* _TASK INSTRUCTIONS_: Print, in exact form, the lines below from the one containing "w T \<longleftrightarrow>" through the one containing "real^'d) \<Rightarrow> real", and omit all others.

* _PROVIDED RECORDS_:
(* Let $\mathcal{D}$ be a distribution over $\mathcal{X}\times\mathcal{Y}$ where $\mathcal{Y}\subseteq\mathbb{R}^d$ and $\|y\|_\infty\le M$ for all $y\in\mathcal{Y}$, let $\alpha>0$, and let $\mathcal{T}$ be a bucketing with width $w=\sqrt{\alpha/M}$. If a model $h:\mathcal{X}\to\mathcal{Y}$ is $\alpha$-self-consistent, then \[\left|\mathbb{E}_{\mathcal{D}}[\pi_h(x)\cdot h(x)]-\mathbb{E}_{\mathcal{D}}[\pi_h(x)\cdot y]\right|\le 2d\sqrt{\alpha M}.\]
   Context: $\Omega\subseteq[0,1]^d$ is an arbitrary feasible set of actions; a policy is a map $\pi:\mathcal{X}\to\Omega$. For a model $h:\mathcal{X}\to\mathcal{Y}$, its induced policy is $\pi_h(x)=\arg\max_{a\in\Omega}a\cdot h(x)$. A bucketing $\mathcal{T}$ of width $w$ is a partition of $[0,1]$ into $1/w$ consecutive intervals $\tau$ of width $w$. A model $h$ is $\alpha$-consistent with respect to a collection $\mathcal{C}\subseteq 2^{\mathcal{X}}$ if for every $C\in\mathcal{C}$, $\|\mathbb{E}_{\mathcal{D}}[y-h(x)\mid x\in C]\|_\infty\le \alpha/\Pr[x\in C]$. The level sets of a policy $\pi$ are $\mathcal{C}^{\mathcal{T}}_\pi=\{\{x:\pi(x)_i\in\tau\}:i\in[d],\tau\in\mathcal{T}\}$. The model $h$ is $\alpha$-self-consistent if it is $\alpha$-consistent with respect to $\mathcal{C}^{\mathcal{T}}_{\pi_h}$. *)

theory Defs
  imports "HOL-Probability.Probability"
begin

definition bucketing :: "real \<Rightarrow> real set set \<Rightarrow> bool" where
  "bucketing w T \<longleftrightarrow> finite T \<and> real (card T) * w = 1 \<and> \<Union>T = {0..1} \<and>
     (\<forall>\<tau>\<in>T. \<forall>\<tau>'\<in>T. \<tau> \<noteq> \<tau>' \<longrightarrow> \<tau> \<inter> \<tau>' = {}) \<and>
     (\<forall>\<tau>\<in>T. \<tau> \<noteq> {} \<and> is_interval \<tau> \<and> Sup \<tau> - Inf \<tau> = w)"

definition induced_policy :: "(real^'d) set \<Rightarrow> ('x \<Rightarrow> real^'d) \<Rightarrow> ('x \<Rightarrow> real^'d) \<Rightarrow> bool" where
  "induced_policy \<Omega> h \<pi> \<longleftrightarrow> (\<forall>x. \<pi> x \<in> \<Omega> \<and> (\<forall>a\<in>\<Omega>. a \<bullet> h x \<le> \<pi> x \<bullet> h x))"

definition cond_exp :: "('x \<times> 'y) measure \<Rightarrow> ('x \<times> 'y \<Rightarrow> 'b::{banach,second_countable_topology}) \<Rightarrow> 'x set \<Rightarrow> 'b" where
  "cond_exp D f C = (1 / measure D {z \<in> space D. fst z \<in> C}) *\<^sub>R
       (\<integral>z. indicator {z. fst z \<in> C} z *\<^sub>R f z \<partial>D)"

definition consistent :: "real \<Rightarrow> ('x \<times> (real^'d)) measure \<Rightarrow> ('x \<Rightarrow> real^'d) \<Rightarrow> 'x set set \<Rightarrow> bool" where
  "consistent \<alpha> D h \<C> \<longleftrightarrow>
     (\<forall>C\<in>\<C>. infnorm (cond_exp D (\<lambda>z. snd z - h (fst z)) C) \<le> \<alpha> / measure D {z \<in> space D. fst z \<in> C})"

definition level_sets :: "('x \<Rightarrow> real^'d) \<Rightarrow> real set set \<Rightarrow> 'x set set" where
  "level_sets \<pi> T = {{x. \<pi> x $ i \<in> \<tau>} | i \<tau>. \<tau> \<in> T}"

definition self_consistent :: "real \<Rightarrow> ('x \<times> (real^'d)) measure \<Rightarrow> real set set \<Rightarrow> ('x \<Rightarrow> real^'d) \<Rightarrow> ('x \<Rightarrow> real^'d) \<Rightarrow> bool" where
  "self_consistent \<alpha> D T h \<pi> \<longleftrightarrow> consistent \<alpha> D h (level_sets \<pi> T)"

end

* _WRITTEN RESPONSE_:
  "bucketing w T \<longleftrightarrow> finite T \<and> real (card T) * w = 1 \<and> \<Union>T = {0..1} \<and>
     (\<forall>\<tau>\<in>T. \<forall>\<tau>'\<in>T. \<tau> \<noteq> \<tau>' \<longrightarrow> \<tau> \<inter> \<tau>' = {}) \<and>
     (\<forall>\<tau>\<in>T. \<tau> \<noteq> {} \<and> is_interval \<tau> \<and> Sup \<tau> - Inf \<tau> = w)"

definition induced_policy :: "(real^'d) set \<Rightarrow> ('x \<Rightarrow> real^'d) \<Rightarrow> ('x \<Rightarrow> real^'d) \<Rightarrow> bool" where
  "induced_policy \<Omega> h \<pi> \<longleftrightarrow> (\<forall>x. \<pi> x \<in> \<Omega> \<and> (\<forall>a\<in>\<Omega>. a \<bullet> h x \<le> \<pi> x \<bullet> h x))"

definition cond_exp :: "('x \<times> 'y) measure \<Rightarrow> ('x \<times> 'y \<Rightarrow> 'b::{banach,second_countable_topology}) \<Rightarrow> 'x set \<Rightarrow> 'b" where
  "cond_exp D f C = (1 / measure D {z \<in> space D. fst z \<in> C}) *\<^sub>R
       (\<integral>z. indicator {z. fst z \<in> C} z *\<^sub>R f z \<partial>D)"

definition consistent :: "real \<Rightarrow> ('x \<times> (real^'d)) measure \<Rightarrow> ('x \<Rightarrow> real^'d) \<Rightarrow> 'x set set \<Rightarrow> bool" where
  "consistent \<alpha> D h \<C> \<longleftrightarrow>
     (\<forall>C\<in>\<C>. infnorm (cond_exp D (\<lambda>z. snd z - h (fst z)) C) \<le> \<alpha> / measure D {z \<in> space D. fst z \<in> C})"

definition level_sets :: "('x \<Rightarrow> real^'d) \<Rightarrow> real set set \<Rightarrow> 'x set set" where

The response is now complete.